- OpenAI and Paradigm built EVMbench from 120 real audit vulnerabilities.
- Benchmark tests AI in detect, patch, and exploit modes using sandboxed EVM environments.
- GPT-5.3-Codex scored 72.2% in exploit mode, outperforming earlier GPT-5 results.
OpenAI, working with Paradigm, unveiled a new benchmark to test AI performance on Ethereum smart contract security. The release, announced this week, introduced EVMbench as a way to measure how AI agents detect, patch, and exploit contract flaws. The effort targets rising risks, as smart contracts secure over $100 billion in crypto assets across EVM networks.
Benchmark Built From Real-World Audit Failures
According to OpenAI, EVMbench draws from 120 high-severity vulnerabilities identified across 40 professional smart contract audits. Notably, many of these issues originated from open audit competitions, including Code4rena. The benchmark focuses on real bugs rather than synthetic examples.
In addition, OpenAI said the dataset includes scenarios linked to security work on the Tempo chain. Tempo operates as a payment-focused Layer-1 network built for stablecoin transfers. Because of that, these cases introduce payment logic risks into the benchmark environment.
To support realistic testing, engineers reused exploit proof-of-concept scripts where available. However, they manually built missing components when documentation proved incomplete. OpenAI said it preserved exploitability while ensuring patches could compile correctly.
Three Testing Modes Stress AI Agents
EVMbench evaluates agents in detect, patch, and exploit modes. In detect mode, agents scan repositories and receive scores based on confirmed vulnerability recall. In patch mode, agents must fix flaws while preserving original contract behavior.
Exploit mode, however, simulates full fund-draining attacks within a sandbox blockchain. OpenAI said graders confirm outcomes through transaction replay and on-chain state checks. To ensure consistency, the company built a Rust-based harness for deterministic deployments.

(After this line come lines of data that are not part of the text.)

definition tqdist :: "'x pt tms \<Rightarrow> Mlet \<times> 'x pt \<Rightarrow> Mlet \<times> 'x pt \<Rightarrow> real" where
  "tqdist Y p q = qdist (tbase Y) (tdist Y) (tequiv Y) (tcls Y p) (tcls Y q)"

lemma qchain_single:
  "p \<in> tbase Y \<Longrightarrow> q \<in> tbase Y \<Longrightarrow> qchain (tbase Y) (tequiv Y) (tcls Y p) (tcls Y q) [(p, q)]"
  unfolding qchain_def by (auto intro: tcls_self)

lemma tqdist_cong: "(p, p') \<in> tequiv Y \<Longrightarrow> (q, q') \<in> tequiv Y \<Longrightarrow> tqdist Y p q = tqdist Y p' q'"
  unfolding tqdist_def by (metis tcls_eq)

context admissible
begin

lemma tdist_nonneg_on: "\<forall>p\<in>tbase Y. \<forall>q\<in>tbase Y. 0 \<le> tdist Y p q"
  by (simp add: tdist_nonneg)

lemma tqdist_le_tdist: "p \<in> tbase Y \<Longrightarrow> q \<in> tbase Y \<Longrightarrow> tqdist Y p q \<le> tdist Y p q"
  unfolding tqdist_def using qdist_le_chain_cost[OF qchain_single tdist_nonneg_on] by simp

lemma tqdist_nonneg: "p \<in> tbase Y \<Longrightarrow> q \<in> tbase Y \<Longrightarrow> 0 \<le> tqdist Y p q"
  unfolding tqdist_def by (rule qdist_nonneg[OF qchain_single tdist_nonneg_on])

lemma tqdist_le_1: "p \<in> tbase Y \<Longrightarrow> q \<in> tbase Y \<Longrightarrow> tqdist Y p q \<le> 1"
  using tqdist_le_tdist[of p q] tdist_le_1[of p q] by linarith

lemma tqdist_self: "p \<in> tbase Y \<Longrightarrow> tqdist Y p p = 0"
  using tqdist_le_tdist[of p p] tqdist_nonneg[of p p] tdist_self[of p] by linarith
lemma m2_asym_pos: "m2_asym H1 H2 > 0"
  and enum_H1_eq: "real (enum H1) = m2_asym H1 H2 * (real (vnum H1) - 2 + 1 / m2 H2)"
proof -
  have "vnum H1 \<ge> 2" "enum H1 \<ge> 1" by (rule nonempty_graph_vnum_enum[OF wf_H1 nonempty_H1])+
  moreover have "1 / m2 H2 > 0" using m2_H2_gt_1 by simp
  ultimately have den: "real (vnum H1) - 2 + 1 / m2 H2 > 0" and "real (enum H1) > 0" by linarith+
  moreover have "m2_asym H1 H2 = real (enum H1) / (real (vnum H1) - 2 + 1 / m2 H2)"
    using m2_asym_eq_d2_asym[OF wf_H1 balanced_H1] nonempty_H2 \<open>vnum H1 \<ge> 2\<close>
    unfolding d2_asym_def by simp
  ultimately show "m2_asym H1 H2 > 0"
    and "real (enum H1) = m2_asym H1 H2 * (real (vnum H1) - 2 + 1 / m2 H2)" by simp_all
qed

lemma construction_petal_density:
  assumes c: "construction F eh H1 H2 J Hh Hf" and f: "f \<in> edges Hh - {eh}"
    and W: "W \<subseteq> verts (Hf f)" and EK: "EK \<subseteq> edges (Hf f)" "\<forall>e\<in>EK. e \<subseteq> W"
    and "card W \<ge> 2"
  shows "real (card EK) \<le> m2_asym H1 H2 * (real (card W) - 2 + 1 / m2 H2)"
proof -
  obtain K where "subgraph K H1" "vnum K = card W" "enum K = card EK"
    using iso_subgraph_image[OF iso_sym[OF construction_petal(2)[OF c f]]
        construction_petal(1)[OF c f] W EK] by blast
  then show ?thesis
    using subgraph_density_le_m2_asym[OF wf_H1 nonempty_H2, of K] m2_H2_gt_1 \<open>card W \<ge> 2\<close> by simp
qed
section \<open>Edge-critical graphs are disjoint unions of spiders\<close>

lemma disjoint_union_of_spiders_if_acyclic:
  assumes graph: "simple_graph V E" and acyclic: "\<not> has_cycle V E"
    and high: "\<And>x y. (adj E)\<^sup>*\<^sup>* x y \<Longrightarrow> x \<in> V \<Longrightarrow> k + 2 \<le> degree E x \<Longrightarrow> k + 2 \<le> degree E y
      \<Longrightarrow> x = y"
  shows "disjoint_union_of_spiders k V E"
proof -
  have component_V: "component E v \<subseteq> V" if "v \<in> V" for v
    using rtranclp_adj_in_vertices[OF _ graph that] by (auto simp: component_def)
  have "gen_spider k C (induced_edges E C)" if C: "C \<in> component E ` V" for C
  proof -
    obtain v where v: "v \<in> V" "C = component E v" using C by blast
    then have "C \<subseteq> V" "v \<in> C" using component_V in_component_self by auto
    then have "finite C" using graph finite_subset by (auto simp: simple_graph_def)
    have "simple_graph C (induced_edges E C)"
      using graph \<open>finite C\<close> by (simp add: simple_graph_def induced_edges_def)
    moreover have "graph_connected C (induced_edges E C)"
      unfolding graph_connected_def v(2)
      by (auto intro: rtranclp_adj_induced_edges[OF adj_closed_component rtranclp_in_component])
    moreover have "\<not> has_cycle C (induced_edges E C)"
      using has_cycle_induced_edges[of C E V] \<open>C \<subseteq> V\<close> acyclic by auto
    moreover have "card {u \<in> C. k + 2 \<le> degree (induced_edges E C) u} \<le> 1"
    proof -
      let ?H = "{u \<in> C. k + 2 \<le> degree (induced_edges E C) u}"
      have "x = y" if "x \<in> ?H" "y \<in> ?H" for x y
      proof -
        have "x \<in> C" "y \<in> C" "k + 2 \<le> degree E x" "k + 2 \<le> degree E y"
          using that degree_induced_edges[OF adj_closed_component, of _ E v] v(2) by auto
        then show "x = y" using high[OF rtranclp_in_component[of x E v y]] v(2) \<open>C \<subseteq> V\<close> by auto
      qed
      then show ?thesis using \<open>finite C\<close> by (simp add: card_le_Suc0_iff_eq)
    qed
    ultimately show ?thesis using \<open>v \<in> C\<close> by (auto simp: gen_spider_def is_tree_def)
  qed
  moreover have "\<exists>C\<in>component E ` V. e \<subseteq> C" if "e \<in> E" for e
  proof -
    obtain a b where "e = {a, b}" using graph \<open>e \<in> E\<close> by (auto simp: simple_graph_def card_2_iff)
    then have "adj E a b" "a \<in> V" using \<open>e \<in> E\<close> adj_imp_in_vertices[OF graph] by (auto simp: adj_def)
    then show ?thesis using \<open>e = {a, b}\<close> in_component_self
      by (intro bexI[of _ "component E a"]) (auto simp: component_def)
  qed
  moreover have "\<Union>(component E ` V) = V"
    using component_V in_component_self by (auto intro!: UN_I)
  moreover have "C \<inter> D = {}" if CD: "C \<in> component E ` V" "D \<in> component E ` V" "C \<noteq> D" for C D
  proof (rule ccontr)
    assume "C \<inter> D \<noteq> {}"
    then obtain u where "u \<in> C" "u \<in> D" by blast
    moreover obtain x y where "C = component E x" "D = component E y" using CD(1,2) by blast
    ultimately show False using component_eq[of u E x y] CD(3) by simp
  qed
  ultimately show ?thesis
    unfolding disjoint_union_of_spiders_def by (intro exI[of _ "component E ` V"]) simp
qed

The exploit tests run in a local Anvil environment, not live networks. OpenAI noted that all vulnerabilities are historical and publicly disclosed. Additionally, the harness restricts unsafe RPC calls to reduce misuse.
Results and Team Expansion
In reported results, GPT-5.3-Codex achieved a 72.2% score in exploit mode. By comparison, GPT-5 reached 31.9%, despite launching months earlier. However, OpenAI said detection and patch coverage remains incomplete.
Alongside EVMbench, OpenAI confirmed a key hire. Peter Steinberger, founder of OpenClaw, joined the company to work on agent development. Sam Altman confirmed the move on X, noting Steinberger will lead next-generation personal agent projects.